В отличие от спартанцев, у афинян было все: искусство, архитектура, литература, демократическая политика и, конечно, философия. Большинство людей, услышав историю войны между Афинами и Спартой, воспринимают афинян как хороших парней. Но вот, пожалуйста: на Милосе афиняне осадили столицу и ведут переговоры, как говорят, с позиции силы. И даже не пытаются облечь это в цветистую форму. Так происходит не потому, говорят афиняне милосцам, что вы сделали что-то неправильно, и не потому, что мы это заслужили, а просто потому, что мы сильнее вас и единственный разумный выход для вас – сделать то, что мы хотим: сдавайтесь, присоединяйтесь к нашему союзу и платите дань. Если будете сопротивляться, то мы вас уничтожим. Почему? Потому что можем это сделать.
Гордые и упрямые милосцы не уступали и спорили с афинянами. Милосцы указывали на несколько совершенно разумных моментов. Мы вам не угрожаем. Если вы разобьете нас, другие нейтральные государства поймут, что вы – всего лишь группа опасных маньяков, примут сторону спартанцев и выступят против вас.
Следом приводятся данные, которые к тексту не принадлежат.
lemma z_descent:
  "(\<Sum>i\<in>{1..N}. (tau k + rho i) * sqn n (vdiff (Z (Suc k)) (Z k)))
   \<le> (\<Sum>i\<in>{1..N}. aug_lag k i (X (Suc k) i) (Z k) (Y k i) - aug_lag k i (X (Suc k) i) (Z (Suc k)) (Y k i))"
proof -
  define zn where "zn = Z (Suc k)"
  define zo where "zo = Z k"
  define e where "e = vdiff zo zn"
  define pen where "pen i z = penalty n (mu k i PX) (rho i) (\<lambda>j. X (Suc k) i j - z j + Y k i PX j)
      + penalty n (mu k i NX) (rho i) (\<lambda>j. z j - X (Suc k) i j + Y k i NX j)" for i z
  define A where "A i = ip n (\<lambda>j. mu k i PX j + rho i * (X (Suc k) i j - zn j + Y k i PX j)) (\<lambda>j. - e j)
      + ip n (\<lambda>j. mu k i NX j + rho i * (zn j - X (Suc k) i j + Y k i NX j)) e" for i
  have pen_line: "pen i (\<lambda>j. zn j + t * (zo j - zn j)) = pen i zn + t * A i + t\<^sup>2 * (rho i * sqn n e)"
    for i t
  proof -
    have "penalty n (mu k i PX) (rho i) (\<lambda>j. X (Suc k) i j - (zn j + t * (zo j - zn j)) + Y k i PX j)
        = penalty n (mu k i PX) (rho i) (\<lambda>j. X (Suc k) i j - zn j + Y k i PX j)
          + t * ip n (\<lambda>j. mu k i PX j + rho i * (X (Suc k) i j - zn j + Y k i PX j)) (\<lambda>j. - e j)
          + t\<^sup>2 * (rho i / 2 * sqn n e)"
      by (subst sqn_uminus[symmetric], rule penalty_along_line) (simp add: e_def vdiff_def algebra_simps)
    moreover have "penalty n (mu k i NX) (rho i) (\<lambda>j. zn j + t * (zo j - zn j) - X (Suc k) i j + Y k i NX j)
        = penalty n (mu k i NX) (rho i) (\<lambda>j. zn j - X (Suc k) i j + Y k i NX j)
          + t * ip n (\<lambda>j. mu k i NX j + rho i * (zn j - X (Suc k) i j + Y k i NX j)) e
          + t\<^sup>2 * (rho i / 2 * sqn n e)"
      by (rule penalty_along_line) (simp add: e_def vdiff_def)
    ultimately show ?thesis
      unfolding pen_def A_def by (simp add: algebra_simps)
  qed
  have objective: "z_objective k W = (\<Sum>i\<in>{1..N}. pen i W) + (\<Sum>i\<in>{1..N}. tau k) / 2 * sqn n (vdiff W zo)"
    for W
    unfolding pen_def penalty_def zo_def
    by (simp add: sum.distrib sum_distrib_right sum_divide_distrib algebra_simps)
  have "(\<Sum>i\<in>{1..N}. pen i zn) + (\<Sum>i\<in>{1..N}. tau k) * sqn n (vdiff zn zo) + (\<Sum>i\<in>{1..N}. rho i * sqn n e)
      \<le> (\<Sum>i\<in>{1..N}. pen i zo)"
  proof (rule descent_of_prox_step)
    show "(\<Sum>i\<in>{1..N}. pen i (\<lambda>j. zn j + t * (zo j - zn j)))
        = (\<Sum>i\<in>{1..N}. pen i zn) + t * (\<Sum>i\<in>{1..N}. A i) + t\<^sup>2 * (\<Sum>i\<in>{1..N}. rho i * sqn n e)" for t
      unfolding pen_line by (simp add: sum.distrib sum_distrib_left)
    fix t :: real assume "0 < t" "t \<le> 1"
    then have "in_box (\<lambda>j. zn j + t * (zo j - zn j))"
      unfolding zn_def zo_def by (intro inbox_segment Z_in_box) simp_all
    from Z_minimal[where k = k, OF this]
    show "(\<Sum>i\<in>{1..N}. pen i zn) + (\<Sum>i\<in>{1..N}. tau k) / 2 * sqn n (vdiff zn zo)
        \<le> (\<Sum>i\<in>{1..N}. pen i (\<lambda>j. zn j + t * (zo j - zn j)))
          + (\<Sum>i\<in>{1..N}. tau k) / 2 * sqn n (vdiff (\<lambda>j. zn j + t * (zo j - zn j)) zo)"
      unfolding objective zn_def .
  qed
  moreover have "(\<Sum>i\<in>{1..N}. pen i zo) - (\<Sum>i\<in>{1..N}. pen i zn)
      = (\<Sum>i\<in>{1..N}. aug_lag k i (X (Suc k) i) (Z k) (Y k i) - aug_lag k i (X (Suc k) i) (Z (Suc k)) (Y k i))"
    unfolding pen_def augL_diff_z zn_def zo_def by (simp add: sum_subtractf)
  moreover have "(\<Sum>i\<in>{1..N}. (tau k + rho i) * sqn n (vdiff (Z (Suc k)) (Z k)))
      = (\<Sum>i\<in>{1..N}. tau k) * sqn n (vdiff zn zo) + (\<Sum>i\<in>{1..N}. rho i * sqn n e)"
    unfolding e_def zn_def zo_def sqn_vdiff_commute[of n "Z k" "Z (Suc k)"]
    by (simp add: sum.distrib sum_distrib_right algebra_simps)
  ultimately show ?thesis
    by linarith
qed

lemma y_class_descent:
  assumes i: "i \<in> {1..N}"
  shows "(gam k i c + rho i / 2) * sqn (dims i c) (vdiff (Y (Suc k) i c) (Y k i c))
    \<le> penalty (dims i c) (mu k i c) (rho i) (res i c (X (Suc k) i) (Z (Suc k)) (Y k i c))
      - penalty (dims i c) (mu k i c) (rho i) (res i c (X (Suc k) i) (Z (Suc k)) (Y (Suc k) i c))"
proof -
  define yn where "yn = Y (Suc k) i c"
  define yo where "yo = Y k i c"
  define d where "d = dims i c"
  define r where "r = res i c (X (Suc k) i) (Z (Suc k))"
  define \<phi> where "\<phi> y = penalty d (mu k i c) (rho i) (r y)" for y
  have "penalty d (mu k i c) (rho i) (r yn) + gam k i c * sqn d (vdiff yn yo)
      + rho i / 2 * sqn d (vdiff yn yo) \<le> penalty d (mu k i c) (rho i) (r yo)"
  proof (rule descent_of_prox_step[where \<phi> = \<phi>, unfolded \<phi>_def])
    have "r (\<lambda>j. yn j + t * (yo j - yn j)) j = r yn j + t * vdiff yo yn j" for t j
      using resid_slack[of _ _ _ c _ _ "\<lambda>j. yn j + t * (yo j - yn j)" j] resid_slack[of _ _ _ c _ _ yn j]
      unfolding r_def vdiff_def by simp
    then show "penalty d (mu k i c) (rho i) (r (\<lambda>j. yn j + t * (yo j - yn j)))
        = penalty d (mu k i c) (rho i) (r yn) + t * ip d (\<lambda>j. mu k i c j + rho i * r yn j) (vdiff yo yn)
          + t\<^sup>2 * (rho i / 2 * sqn d (vdiff yn yo))" for t
      unfolding sqn_vdiff_commute[of d yn] by (rule penalty_along_line)
    fix t :: real assume "0 < t" "t \<le> 1"
    then have "in_slack_box i c (\<lambda>j. yn j + t * (yo j - yn j))"
      unfolding yn_def yo_def by (intro inbox_segment Y_in_box[OF i]) simp_all
    from Y_minimal[where k = k, OF i this]
    show "penalty d (mu k i c) (rho i) (r yn) + gam k i c / 2 * sqn d (vdiff yn yo)
        \<le> penalty d (mu k i c) (rho i) (r (\<lambda>j. yn j + t * (yo j - yn j)))
          + gam k i c / 2 * sqn d (vdiff (\<lambda>j. yn j + t * (yo j - yn j)) yo)"
      unfolding penalty_def r_def d_def yn_def yo_def by (simp add: algebra_simps)
  qed
  then show ?thesis
    unfolding yn_def yo_def d_def r_def by (simp add: algebra_simps)
qed

lemma y_descent:
  assumes i: "i \<in> {1..N}"
  shows "(\<Sum>c\<in>allC. (gam k i c + rho i / 2) * sqn (dims i c) (vdiff (Y (Suc k) i c) (Y k i c)))
    \<le> aug_lag k i (X (Suc k) i) (Z (Suc k)) (Y k i) - aug_lag k i (X (Suc k) i) (Z (Suc k)) (Y (Suc k) i)"
  unfolding augL_diff_y by (intro sum_mono y_class_descent[OF i])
Конечно, нас гораздо меньше, но мы выносливы и мужественны, а война по своей природе непредсказуема, так что мы просто можем победить вас. К тому же наши родственники спартанцы могут прийти и помочь нам, и тогда вы горько пожалеете. Поэтому мы с таким же успехом можем рискнуть, а не сдаться и жить с позором.
Однако на каждый из этих аргументов у афинян имелось опровержение. Единственной возможной причиной, которая могла бы заставить нейтральные государства примкнуть к Спарте, является признак слабости Афин. Спартанцы могут быть родственниками милосцев, но, прежде всего, они практичные люди и никогда не будут рисковать собой ради кого-то другого. Даже если превратности войны означают, что всегда существует крошечный шанс, что дело обернется в вашу пользу, наиболее вероятный исход – это катастрофа для Милоса. Так что выбор ясен: преклонить колено и жить или встать на путь сопротивления, на который возлагаются нелепые надежды, и почти наверняка быть уничтоженным. Заметил что-нибудь интересное в аргументации афинян?